Pooja Kumari Jha, Sheetal Giri, Rajan Karmacharya (Supervisor)
St. Xavier's College
08 July 16
Thesis or project
Recurrent Neural Network, Connectionist Temporal Classification (CTC), N-gram
Language Model, Automatic Speech Recognition
Speech recognition is the process of enabling a computer to identify and respond to the
sounds produced in human speech. Hamro Awaaz - Nepali Automated Speech
Recognizer (ASR) performs the speaker-independent, computer‐driven transcription of
spoken Nepali into readable Devanagari text in real time.
The project is based around an android application through which user will send their
voice recording to the server, where it is processed to corresponding text and responded
back. The base of any speech recognition system is its acoustic and language model.

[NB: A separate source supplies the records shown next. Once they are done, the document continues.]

lemma component_closed:
  assumes "u \<in> component G A x" "(u, v) \<in> G" "v \<in> A"
  shows "v \<in> component G A x"
proof -
  have "u \<in> A" using assms(1) component_subset[of G A x] by blast
  then have "(u, v) \<in> induced G A" using assms(2,3) unfolding induced_def by blast
  moreover have "(x, u) \<in> (induced G A)\<^sup>*" using assms(1) unfolding component_def by simp
  ultimately show ?thesis
    using assms(3) unfolding component_def by (simp add: rtrancl.rtrancl_into_rtrancl)
qed

lemma components_disjoint:
  assumes "sym G" "K \<in> components G A" "L \<in> components G A" "K \<noteq> L"
  shows "K \<inter> L = {}"
proof (rule ccontr)
  assume "K \<inter> L \<noteq> {}"
  then obtain z where "z \<in> K" "z \<in> L" by blast
  moreover obtain x y where "K = component G A x" "L = component G A y"
    using assms(2,3) unfolding components_eq_component_image by blast
  ultimately have "component G A z = K" "component G A z = L"
    using component_eq[OF assms(1)] by blast+
  with assms(4) show False by simp
qed

lemma Union_components: "\<Union>(components G A) = A"
  unfolding components_def by blast

lemma boundary_component:
  assumes "K \<in> components G C"
  shows "boundary X G K = {e \<in> boundary X G C. fst e \<in> K}"
proof -
  obtain x where K: "K = component G C x"
    using assms unfolding components_eq_component_image by blast
  have "K \<subseteq> C" unfolding K by (rule component_subset)
  moreover have "v \<in> K" if "u \<in> K" "(u, v) \<in> G" "v \<in> C" for u v
    using that component_closed[of u G C x v] unfolding K by blast
  ultimately show ?thesis unfolding boundary_def by auto
qed

context
  fixes X :: "'a set" and G :: "('a \<times> 'a) set" and C :: "'a set"
  assumes graph: "is_graph X G" and connected: "connected_set G X" and cut: "is_cut X G C"
begin

lemma boundary_component_nonempty:
  assumes "K \<in> components G C"
  shows "boundary X G K \<noteq> {}"
proof -
  obtain x where "x \<in> C" "K = component G C x"
    using assms unfolding components_eq_component_image by blast
  then have "x \<in> K" "K \<subseteq> C" using self_in_component[of x C G] component_subset[of G C x] by simp_all
  moreover have "C \<subseteq> X" "infinite (X - C)" using cut unfolding is_cut_def by simp_all
  moreover obtain w where "w \<in> X - C" using \<open>infinite (X - C)\<close> by (metis ex_in_conv finite.emptyI)
  ultimately show ?thesis
    using boundary_nonempty_if_connected[OF connected, of x K w] by blast
qed

lemma finite_boundary_component:
  assumes "K \<in> components G C"
  shows "finite (boundary X G K)"
  using cut unfolding boundary_component[OF assms] is_cut_def by simp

These models in turn are dependent on the amount and quality of data collected, and the
training algorithms. A deep recurrent neural network with Connectionist Temporal
Classification (CTC) in the output layer is being used for training acoustic model.
Language modeling is done by means of n-gram distribution among data collected.
Finally, a search algorithm is used to find the best matching transcription to user's speech
Through these techniques we will be able to achieve a speech recognition model that can
be helpful to all seeking better model of speech recognition for Nepali and other
languages as well. The resulting application can create a platform for development of
other Nepali voice based applications.